A clinical trial on the efficacy of IMOD in AIDS patients
Abstract
Background and the purpose of the study:
Following the phase I clinical trial of the herbal drug IMODTM in HIV/AIDS patients, further studies were required to assess the drug efficacy and side effects. Therefore its safety and efficacy in HIV infected patients in a phase II were examined, and clinical trial phase III were designed.

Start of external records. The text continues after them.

(* Let $T$ be a finite abelian group, written multiplicatively, and let $F: T\times T\to \{z\in\mathbb{C}: |z|=1\}$ be a map satisfying, for all $K,K_1,K_2,L,L_1,L_2\in T$, $$F(K_1K_2,L)=F(K_1,L)F(K_2,L),\qquad F(K,L_1L_2)=F(K,L_1)F(K,L_2),\qquad F(K,L)=\overline{F(L,K)}.$$ Let $\mathcal{S}$ be a subgroup of $T$ and let $\mathcal{U}=\{J\in\mathcal{S} : F(K,J)=1 \text{ for all } K\in\mathcal{S}\}$. Suppose $X\in T$ satisfies $F(X,K)=1$ for all $K\in\mathcal{U}$. Then there exists $R\in X\mathcal{S}$ such that $F(R,K)=1$ for all $K\in\mathcal{S}$, and such an element $R$ is unique up to multiplication by elements of $\mathcal{U}$.
   Context: This is the group-theoretic content of the statement that untwisted orbit representatives exist: here $T$ plays the role of the group of simple currents fixing a given primary field $a$, $F(K,L)=F(a,K,L)$ is the simple current twist on $a$, $\mathcal{S}$ is the stabilizer of $a$ in the extension group, $\mathcal{U}$ is the untwisted stabilizer, and $X$ is a representative (fixing $a$) of a coset of the extension group. *)

theory Defs
  imports Complex_Main "HOL-Algebra.Algebra"
begin

end

theory Submission
  imports Defs
begin

text \<open>For a fixed coset representative \<open>x\<close>, the elements \<open>x \<otimes> s\<close> (\<open>s \<in> S\<close>) give characters
  \<open>K \<mapsto> F (x \<otimes> s) K\<close> of \<open>S\<close>. If none of them were trivial, every character sum over \<open>S\<close>
  would vanish, so the double sum over \<open>s\<close> and \<open>K\<close> would be \<open>0\<close>. Summing over \<open>s\<close> first instead,
  orthogonality kills every \<open>K\<close> outside the radical \<open>U\<close> of \<open>F\<close> on \<open>S\<close>, while each \<open>K \<in> U\<close>
  contributes \<open>F x K \<cdot> |S| = |S|\<close>; the total \<open>|U| \<cdot> |S|\<close> is nonzero. Uniqueness is immediate:
  once \<open>R\<close> is orthogonal to \<open>S\<close>, \<open>R \<otimes> u\<close> is orthogonal to \<open>S\<close> exactly when \<open>u\<close> lies in \<open>U\<close>.\<close>

lemma (in group) character_sum_eq_0:
  fixes \<chi> :: "'a \<Rightarrow> 'c :: field"
  assumes "subgroup S G"
    and "\<And>a b. a \<in> S \<Longrightarrow> b \<in> S \<Longrightarrow> \<chi> (a \<otimes> b) = \<chi> a * \<chi> b"
    and "K0 \<in> S" "\<chi> K0 \<noteq> 1"
  shows "(\<Sum>K\<in>S. \<chi> K) = 0"
proof -
  have K0: "K0 \<in> carrier G"
    using subgroup.mem_carrier[OF assms(1,3)] .
  have "inj_on (\<lambda>K. K0 \<otimes> K) S"
    using K0 assms(1) l_cancel by (intro inj_onI) (meson subgroup.mem_carrier)
  moreover have "(\<lambda>K. K0 \<otimes> K) ` S = S"
    using coset_join3[OF K0 assms(1,3)] by (simp add: l_coset_def UNION_singleton_eq_range)
  ultimately have "(\<Sum>K\<in>S. \<chi> K) = (\<Sum>K\<in>S. \<chi> (K0 \<otimes> K))"
    by (metis sum.reindex_cong)
  also have "\<dots> = \<chi> K0 * (\<Sum>K\<in>S. \<chi> K)"
    by (simp add: assms(2,3) sum_distrib_left)
  finally show ?thesis
    using assms(4) by (metis mult_cancel_right1)
qed

locale hermitian_bicharacter = comm_group G for G (structure) +
  fixes F :: "'a \<Rightarrow> 'a \<Rightarrow> complex"
  assumes norm_F: "K \<in> carrier G \<Longrightarrow> L \<in> carrier G \<Longrightarrow> cmod (F K L) = 1"
    and F_mult_left: "K1 \<in> carrier G \<Longrightarrow> K2 \<in> carrier G \<Longrightarrow> L \<in> carrier G \<Longrightarrow>
      F (K1 \<otimes> K2) L = F K1 L * F K2 L"
    and F_mult_right: "K \<in> carrier G \<Longrightarrow> L1 \<in> carrier G \<Longrightarrow> L2 \<in> carrier G \<Longrightarrow>
      F K (L1 \<otimes> L2) = F K L1 * F K L2"
    and F_swap: "K \<in> carrier G \<Longrightarrow> L \<in> carrier G \<Longrightarrow> F K L = cnj (F L K)"
begin

definition radical :: "'a set \<Rightarrow> 'a set"
  where "radical S = {J \<in> S. \<forall>K \<in> S. F K J = 1}"

lemma F_one_left:
  assumes "L \<in> carrier G"
  shows "F \<one> L = 1"
proof -
  have "F \<one> L = F \<one> L * F \<one> L"
    using F_mult_left[of \<one> \<one> L] assms by simp
  moreover have "F \<one> L \<noteq> 0"
    using norm_F[of \<one> L] assms by auto
  ultimately show ?thesis
    by simp
qed

lemma radical_subset: "radical S \<subseteq> S"
  by (auto simp: radical_def)

lemma F_one_right:
  assumes "K \<in> carrier G"
  shows "F K \<one> = 1"
  using F_swap[of K \<one>] F_one_left[of K] assms by simp

lemma one_in_radical:
  assumes "subgroup S G"
  shows "\<one> \<in> radical S"
  using assms by (auto simp: radical_def F_one_right subgroup.one_closed subgroup.mem_carrier)

lemma mem_radical_iff_left:
  assumes "subgroup S G" "J \<in> S"
  shows "J \<in> radical S \<longleftrightarrow> (\<forall>K \<in> S. F J K = 1)"
proof -
  have "F K J = 1 \<longleftrightarrow> F J K = 1" if "K \<in> S" for K
    using F_swap[of J K] that assms by (simp add: subgroup.mem_carrier)
  then show ?thesis
    using assms(2) by (auto simp: radical_def)
qed

lemma sum_F_left:
  assumes "subgroup S G" "K \<in> S"
  shows "(\<Sum>s\<in>S. F s K) = (if K \<in> radical S then of_nat (card S) else 0)"
proof (cases "K \<in> radical S")
  case True
  then show ?thesis
    by (simp add: radical_def)
next
  case False
  then obtain s0 where "s0 \<in> S" "F s0 K \<noteq> 1"
    using assms(2) by (auto simp: radical_def)
  with assms have "(\<Sum>s\<in>S. F s K) = 0"
    by (intro character_sum_eq_0[of S]) (auto simp: F_mult_left subgroup.mem_carrier)
  with False show ?thesis
    by simp
qed

lemma orthogonal_element_in_coset:
  assumes "subgroup S G" "finite S" "x \<in> carrier G"
    and "\<forall>K \<in> radical S. F x K = 1"
  shows "\<exists>s \<in> S. \<forall>K \<in> S. F (x \<otimes> s) K = 1"
proof (rule ccontr)
  assume none: "\<not> ?thesis"
  have S_carrier: "y \<in> carrier G" if "y \<in> S" for y
    using assms(1) that by (rule subgroup.mem_carrier)
  have "(\<Sum>K\<in>S. F (x \<otimes> s) K) = 0" if "s \<in> S" for s
  proof -
    obtain K0 where "K0 \<in> S" "F (x \<otimes> s) K0 \<noteq> 1"
      using none \<open>s \<in> S\<close> by blast
    with assms(1,3) \<open>s \<in> S\<close> show ?thesis
      by (intro character_sum_eq_0[of S]) (auto simp: F_mult_right S_carrier)
  qed
  then have "0 = (\<Sum>s\<in>S. \<Sum>K\<in>S. F (x \<otimes> s) K)"
    by simp
  also have "\<dots> = (\<Sum>K\<in>S. F x K * (\<Sum>s\<in>S. F s K))"
    using assms(3) by (subst sum.swap) (simp add: F_mult_left S_carrier sum_distrib_left)
  also have "\<dots> = (\<Sum>K\<in>S. if K \<in> radical S then of_nat (card S) else 0)"
    using assms(1,4) by (intro sum.cong) (simp_all add: sum_F_left)
  also have "\<dots> = of_nat (card (radical S) * card S)"
    using assms(2) radical_subset[of S] by (simp add: sum.If_cases Int_absorb1)
  finally have "card (radical S) * card S = 0"
    by (metis of_nat_eq_0_iff)
  moreover have "finite (radical S)"
    using finite_subset[OF radical_subset assms(2)] .
  ultimately show False
    using assms(2) one_in_radical[OF assms(1)] subgroup.one_closed[OF assms(1)]
    by (metis card_0_eq empty_iff mult_is_0)
qed

lemma orthogonal_in_coset_iff:
  assumes "subgroup S G" "R \<in> carrier G" "\<forall>K \<in> S. F R K = 1"
  shows "R' \<in> R <# S \<and> (\<forall>K \<in> S. F R' K = 1) \<longleftrightarrow> R' \<in> R <# radical S"
proof -
  have "F (R \<otimes> u) K = F u K" if "u \<in> S" "K \<in> S" for u K
    using assms that by (simp add: F_mult_left subgroup.mem_carrier)
  then have orthogonal_iff: "(\<forall>K \<in> S. F (R \<otimes> u) K = 1) \<longleftrightarrow> u \<in> radical S" if "u \<in> S" for u
    using mem_radical_iff_left[OF assms(1) that] that by simp
  show ?thesis
    unfolding l_coset_def UNION_singleton_eq_range image_iff using orthogonal_iff radical_subset by blast
qed

end

theorem mainTheorem1:
  fixes G (structure)
    and F :: "'a \<Rightarrow> 'a \<Rightarrow> complex"
    and S U :: "'a set" and X0 :: "'a"
  assumes "comm_group G"
    and "finite (carrier G)"
    and "\<And>K L. K \<in> carrier G \<Longrightarrow> L \<in> carrier G \<Longrightarrow> cmod (F K L) = 1"
    and "\<And>K1 K2 L. K1 \<in> carrier G \<Longrightarrow> K2 \<in> carrier G \<Longrightarrow> L \<in> carrier G \<Longrightarrow>
           F (K1 \<otimes>\<^bsub>G\<^esub> K2) L = F K1 L * F K2 L"
    and "\<And>K L1 L2. K \<in> carrier G \<Longrightarrow> L1 \<in> carrier G \<Longrightarrow> L2 \<in> carrier G \<Longrightarrow>
           F K (L1 \<otimes>\<^bsub>G\<^esub> L2) = F K L1 * F K L2"
    and "\<And>K L. K \<in> carrier G \<Longrightarrow> L \<in> carrier G \<Longrightarrow> F K L = cnj (F L K)"
    and "subgroup S G"
    and "U = {J \<in> S. \<forall>K \<in> S. F K J = 1}"
    and "X0 \<in> carrier G"
    and "\<forall>K \<in> U. F X0 K = 1"
  shows "\<exists>R. R \<in> l_coset G X0 S \<and> (\<forall>K \<in> S. F R K = 1) \<and>
           (\<forall>R'. (R' \<in> l_coset G X0 S \<and> (\<forall>K \<in> S. F R' K = 1)) \<longleftrightarrow> R' \<in> l_coset G R U)"
proof -
  interpret hermitian_bicharacter G F
    by (intro hermitian_bicharacter.intro hermitian_bicharacter_axioms.intro assms(1)) (fact assms)+
  have U: "U = radical S"
    using assms(8) by (simp add: radical_def)
  have "finite S"
    using finite_subset[OF subgroup.subset[OF assms(7)] assms(2)] .
  moreover have "\<forall>K \<in> radical S. F X0 K = 1"
    using assms(10) U by simp
  ultimately obtain s where s: "s \<in> S" "\<forall>K \<in> S. F (X0 \<otimes> s) K = 1"
    using orthogonal_element_in_coset[OF assms(7) _ assms(9)] by blast
  define R where "R = X0 \<otimes> s"
  have R: "R \<in> carrier G"
    using assms(7,9) s(1) by (simp add: R_def subgroup.mem_carrier)
  have R_orthogonal: "\<forall>K \<in> S. F R K = 1"
    using s(2) by (simp add: R_def)
  have "R \<in> X0 <# S"
    using s(1) by (auto simp: R_def l_coset_def)
  moreover have "X0 <# S = R <# S"
    using l_repr_independence[OF \<open>R \<in> X0 <# S\<close> assms(9,7)] .
  ultimately show ?thesis
    using R_orthogonal orthogonal_in_coset_iff[OF assms(7) R R_orthogonal] unfolding U by blast
qed

end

Methods:This study was conducted in three stages. In the first stage six patients who were resistant to highly active anti retroviral therapy (HAART) regimen were chosen and offered therapy with Setarud. Subsequently another group of 27 patients with CD4 count less than 350 but without AIDS defining criteria were enrolled to the study and randomly assigned to intervention. In the third stage a double-center randomized clinical trial was conducted at two independent research centers and universities of Iran. Seventy patients were recruited and randomly allocated into groups, called "control" and Setarud groups, using a balanced block randomization method. The main outcome measure was CD4 count. Patients were observed and thoroughly examined (Clinical and laboratory) for six months.
Results:In stages I and II, the mean CD4 count gradually increased within 3 and 6 months intervals. In the stage III the baseline of CD4 counts and other characteristics between two groups were quite similar. The mean increase in CD4 count in Setarud group was about 2-3 fold higher than controls. This effect was much more pronounced in a subgroup of patients with a baseline CD4 count of 200-400 (168 vs. 65, 203 vs. 58, 299 vs. 143 and 285 vs. 109, for time intervals of follow-up, respectively) (p<0.001).
Conclusion:There was a significant improvement in the immune system of HIV patients receiving Setarud therapy by increase in the CD4 count to the higher and more protective level in most subjects. Considering results of the safety tests and reports of the durability of the Setarud effects the use this drug in HIV patients, especially at the pre-AIDS period, as a therapeutic vaccine to slow down the progression of the disease, is recommended.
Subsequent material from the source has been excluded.